Might we take the original view at face value and say that points are ordered sets of convergent solid spheres? I think not. First, we will run into a Benacerraf problem with respect to points. But, more intuitively, the "point" at the end of my cat's nose is located (in some sense) at the point of my cat's nose. No abstract entity like a set is so located. So, points are not ordered sets.

I think that the gunky space theorist has a reason to accept structure in composition of spatial regions. Perhaps, points are special kinds of fusions of convergent series of solid spheres. They are fusions that preserve a certain kind of structure, an ordered structure to the parts. One consequence of this view seems to be the following. There are uncountably many things that are co-located with the entirety of space, each one of which is a point and each one of which has a different structure than the others. This seems like quite a robust ontology of spatial regions.

MaxCon and Gunk

Greg Fowler has recently shown that the Maximally Continuous View of Simples is consistent with the possibility of Gunk (AJP 2008). The idea is that an extended MaxCon simple might have lots of complex objects that occupy the proper subregions of a simple. In fact, as Fowler notes, if MaxCon is true and there is some gunk, then that gunk must be in subregions of some extended simple.

Here is a view that I'd like to consider:

(MaxCon+G): MaxCon is true and for every proper subregion of the region occupied by a simple, there is a complex material object that occupies that subregion.

I think this view is false. Here is how to show that it is false. Let S be an extended simple. There are point sized subregions of the region occupied by that simple.

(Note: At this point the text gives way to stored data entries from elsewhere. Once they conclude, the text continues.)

(* Let $\omega$ be a nondegenerate skew-symmetric $2$-cocycle on a Leibniz algebra $(A,\circ_A)$, and define multiplications $\succ_A,\prec_A$ on $A$ by $$\omega(x\succ_A y,z)=\omega(y,x\circ_A z),\qquad \omega(x\prec_A y,z)=-\omega(x,y\circ_A z+z\circ_A y),\quad\forall x,y,z\in A.$$ Then $(A,\succ_A,\prec_A)$ is an anti-pre-Leibniz algebra (with $x\succ_A y+x\prec_A y=x\circ_A y$). Moreover, $(-\mathcal L_{\succ_A},-\mathcal R_{\prec_A},A)$ and $(\mathcal L^*_{\circ_A},-\mathcal L^*_{\circ_A}-\mathcal R^*_{\circ_A},A^* )$ are equivalent representations of $(A,\circ_A)$ (via $\omega^\natural$), and $(\mathcal L_{\circ_A},\mathcal R_{\circ_A},A)$ and $(-\mathcal L^*_{\succ_A},\mathcal L^*_{\succ_A}+\mathcal R^*_{\prec_A},A^* )$ are equivalent representations of $(A,\circ_A)$ (via $(\omega^\natural)^*$).
   Context: All vector spaces are finite-dimensional over a field $\mathbb K$ of characteristic zero. For a multiplication $\ast$, $\mathcal L_\ast(x)y=x\ast y$, $\mathcal R_\ast(x)y=y\ast x$; for $f:A\to\mathrm{End}(V)$, $f^*:A\to\mathrm{End}(V^* )$ is $\langle f^*(x)u^*,v\rangle=-\langle u^*,f(x)v\rangle$. For a bilinear form $\omega$, $\omega^\natural:A\to A^*$ is $\langle\omega^\natural(u),v\rangle=\omega(u,v)$. A Leibniz algebra is a vector space $A$ with a multiplication $\circ_A$ satisfying $x\circ_A(y\circ_A z)=(x\circ_A y)\circ_A z+y\circ_A(x\circ_A z)$. A representation of $(A,\circ_A)$ is a triple $(l,r,V)$ with linear maps $l,r:A\to\mathrm{End}(V)$ such that for all $x,y\in A,v\in V$: $l(x\circ_A y)v=l(x)l(y)v-l(y)l(x)v$; $r(x\circ_A y)v=l(x)r(y)v-r(y)l(x)v$; $r(y)l(x)v=-r(y)r(x)v$. Two representations $(l,r,V)$, $(l',r',V')$ are equivalent if there is a linear isomorphism $\phi:V\to V'$ with $\phi l(x)=l'(x)\phi$ and $\phi r(x)=r'(x)\phi$ for all $x$. A bilinear form $\omega$ on $(A,\circ_A)$ is a $2$-cocycle if $\omega(z,x\circ_A y)=\omega(x,y\circ_A z+z\circ_A y)-\omega(y,x\circ_A z)$ for all $x,y,z$. An anti-pre-Leibniz algebra is a vector space $A$ with multiplications $\succ_A,\prec_A$ such that, with $x\circ y=x\succ_A y+x\prec_A y$, for all $x,y,z$: (AL1) $(x\circ y)\prec_A z=x\succ_A(y\circ z)-y\succ_A(x\circ z)$; (AL2) $(x\circ y)\succ_A z=y\succ_A(x\succ_A z)-x\succ_A(y\succ_A z)$; (AL3) $x\prec_A(y\circ z)=(y\succ_A x)\prec_A z-y\succ_A(x\prec_A z)$; (AL4) $(x\succ_A y)\prec_A z=-(y\prec_A x)\prec_A z$. *)

theory Defs
  imports Complex_Main "HOL-Library.Function_Algebras"
begin
definition stackelberg_grad :: "('s::finite \<Rightarrow> real) \<Rightarrow> ('s \<Rightarrow> 'a::finite \<Rightarrow> 's \<Rightarrow> real)
    \<Rightarrow> (real^'p::finite \<Rightarrow> 's \<Rightarrow> 'a \<Rightarrow> real) \<Rightarrow> real \<Rightarrow> real^('s \<times> 'a)
    \<Rightarrow> real^'p \<Rightarrow> real^('s \<times> 'a) \<Rightarrow> real^'p" where
  "stackelberg_grad mu0 P pol \<gamma> r \<theta> q =
    (let gth = pgrad (\<lambda>\<theta>'. J_pi mu0 pol \<gamma> \<theta>' q) \<theta>;
         gq = pgrad (\<lambda>q'. J_pi mu0 pol \<gamma> \<theta> q') q;
         H = (\<chi> j k. partial_deriv (\<lambda>q'. partial_deriv (\<lambda>q''. J_q mu0 P pol \<gamma> r \<theta> q'') q' j) q k)
               :: real^('s \<times> 'a)^('s \<times> 'a);
         M = (\<chi> j i. partial_deriv (\<lambda>\<theta>'. partial_deriv (\<lambda>q'. J_q mu0 P pol \<gamma> r \<theta>' q') q j) \<theta> i)
               :: real^'p^('s \<times> 'a)
     in gth - transpose M *v (matrix_inv H *v gq))"

end

theory Submission
  imports Defs
begin

(* Write \<Psi> for the matrix of I - \<gamma> P \<Pi>\<^sub>\<theta>, d for the visitation vector and b = (1 - \<gamma>) \<mu>\<^sub>0 \<pi>\<^sub>\<theta>,
   which is the q-gradient of J\<^sub>\<pi>.  The visitation vector solves the flow equation \<Psi>^T d = b, and
   every row of \<Psi> sums to 1 - \<gamma>.  The critic Hessian is \<Psi>^T D \<Psi>, so it maps the constant vector
   1/(1 - \<gamma>) to \<Psi>^T d = b.  Hence the Stackelberg correction is the \<theta>-gradient of 1/(1 - \<gamma>)
   times the sum of the entries of -\<partial>\<^sub>q J\<^sub>q = \<Psi>^T D \<delta>, which is d^T \<delta>.  Finally
   J\<^sub>\<pi>(\<theta>, v) = d^T \<Psi> v and \<Psi> q\<^sub>\<theta> = r give J(\<theta>) = d^T r = J\<^sub>\<pi>(\<theta>, q) + d^T \<delta>, and d depends
   differentiably on \<theta> by Cramer's rule. *)

lemma sum_UNIV_prod:
  fixes f :: "'s::finite \<times> 'a::finite \<Rightarrow> 'b::comm_monoid_add"
  shows "(\<Sum>k\<in>UNIV. f k) = (\<Sum>s\<in>UNIV. \<Sum>a\<in>UNIV. f (s, a))"
  by (simp add: UNIV_Times_UNIV[symmetric] sum.cartesian_product del: UNIV_Times_UNIV)

lemma partial_deriv_eqI:
  assumes "\<And>t. f (x + t *\<^sub>R axis i 1) = g t" and "(g has_real_derivative D) (at 0)"
  shows "partial_deriv f x i = D"
proof -
  have "(\<lambda>t. f (x + t *\<^sub>R axis i 1)) = g" using assms(1) by auto
  then show ?thesis unfolding partial_deriv_def using DERIV_imp_deriv[OF assms(2)] by simp
qed

lemma partial_deriv_has_derivative:
  fixes f :: "real^'n \<Rightarrow> real"
  assumes "(f has_derivative f') (at x)"
  shows "partial_deriv f x i = f' (axis i 1)"
proof (rule partial_deriv_eqI[OF refl])
  have "((\<lambda>t. x + t *\<^sub>R axis i 1) has_derivative (\<lambda>t. t *\<^sub>R axis i 1)) (at 0)"
    by (auto intro!: derivative_eq_intros)
  moreover have "(f has_derivative f') (at (x + 0 *\<^sub>R axis i 1))"
    using assms by simp
  ultimately have "((\<lambda>t. f (x + t *\<^sub>R axis i 1)) has_derivative (\<lambda>t. f' (t *\<^sub>R axis i 1))) (at 0)"
    by (rule has_derivative_compose)
  moreover have "(\<lambda>t. f' (t *\<^sub>R axis i 1)) = (\<lambda>t. f' (axis i 1) * t)"
    using linear_scale[OF has_derivative_linear[OF assms]] by (simp add: mult.commute)
  ultimately show "((\<lambda>t. f (x + t *\<^sub>R axis i 1)) has_real_derivative f' (axis i 1)) (at 0)"
    unfolding has_field_derivative_def by simp
qed

lemma has_derivative_pgrad:
  fixes f :: "real^'n \<Rightarrow> real"
  assumes "f differentiable (at x)"
  shows "(f has_derivative (\<lambda>h. pgrad f x \<bullet> h)) (at x)"
proof -
  obtain f' where f': "(f has_derivative f') (at x)"
    using assms unfolding differentiable_def by blast
  have "f' = (\<lambda>h. pgrad f x \<bullet> h)"
  proof
    fix h
    have "f' h = f' (\<Sum>i\<in>UNIV. h $ i *\<^sub>R axis i 1)"
      by (simp add: basis_expansion flip: scalar_mult_eq_scaleR)
    also have "\<dots> = (\<Sum>i\<in>UNIV. h $ i * f' (axis i 1))"
      using has_derivative_linear[OF f'] by (simp add: linear_sum linear_scale)
    finally show "f' h = pgrad f x \<bullet> h"
      by (simp add: pgrad_def inner_vec_def partial_deriv_has_derivative[OF f'] mult.commute)
  qed
  then show ?thesis using f' by simp
qed

lemma pgrad_nth [simp]: "pgrad f x $ i = partial_deriv f x i"
  by (simp add: pgrad_def)

lemma pgrad_add:
  fixes f g :: "real^'n \<Rightarrow> real"
  assumes "f differentiable (at x)" and "g differentiable (at x)"
  shows "pgrad (\<lambda>x. f x + g x) x = pgrad f x + pgrad g x"
proof -
  have "((\<lambda>x. f x + g x) has_derivative (\<lambda>h. pgrad f x \<bullet> h + pgrad g x \<bullet> h)) (at x)"
    using assms by (intro has_derivative_add has_derivative_pgrad)
  then show ?thesis
    by (simp add: vec_eq_iff partial_deriv_has_derivative inner_axis)
qed

lemma partial_deriv_sum:
  fixes f :: "'j \<Rightarrow> real^'n \<Rightarrow> real"
  assumes "\<And>j. j \<in> J \<Longrightarrow> f j differentiable (at x)"
  shows "partial_deriv (\<lambda>x. \<Sum>j\<in>J. f j x) x i = (\<Sum>j\<in>J. partial_deriv (f j) x i)"
proof -
  have "((\<lambda>x. \<Sum>j\<in>J. f j x) has_derivative (\<lambda>h. \<Sum>j\<in>J. pgrad (f j) x \<bullet> h)) (at x)"
    using assms by (intro has_derivative_sum has_derivative_pgrad)
  then show ?thesis
    by (simp add: partial_deriv_has_derivative inner_axis)
qed

lemma partial_deriv_cmult:
  fixes f :: "real^'n \<Rightarrow> real"
  assumes "f differentiable (at x)"
  shows "partial_deriv (\<lambda>x. c * f x) x i = c * partial_deriv f x i"
proof -
  have "((\<lambda>x. c * f x) has_derivative (\<lambda>h. c * (pgrad f x \<bullet> h))) (at x)"
    using assms by (intro has_derivative_mult_right has_derivative_pgrad)
  then show ?thesis
    by (simp add: partial_deriv_has_derivative inner_axis)
qed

By MaxCon+G, there must be a complex object in that region, call that object 'C'. No, suppose that for any object x, there is an intrinsic duplicate of x that that exists in a world without any objects other than x's parts. So, there is an intrinsic duplicate of C, C*, that exists in a world that has no objects other than the parts of C. Moreover, C* must have parts. Here is why. The mereological structure of an object is an intrinsic feature of objects. C is complex. So, any intrinsic duplicate of C is complex as well. Hence C* is complex. But, the shape of an object is intrinsic as well. So, since C is point sized, C* is point sized as well. Since, there are no objects other than C* and C* is point sized, it must be that C* is maximally continuous. So, by MaxCon, C* is a simple. So, C* is a simple and it is complex. Contradiction! Hence MaxCon+G is false.

I think there are a lot of moves that can be made to save MaxCon+G. One might deny that the mereological structure of an object is intrinsic (MaxCon itself certainly seems to suggest otherwise). One might deny that shapes are intrinsic (there is a precedent in the literature). One might also deny that C* is maximally continuous. Perhaps its parts occupy super-regions of the region it occupies. That is a pretty weird view.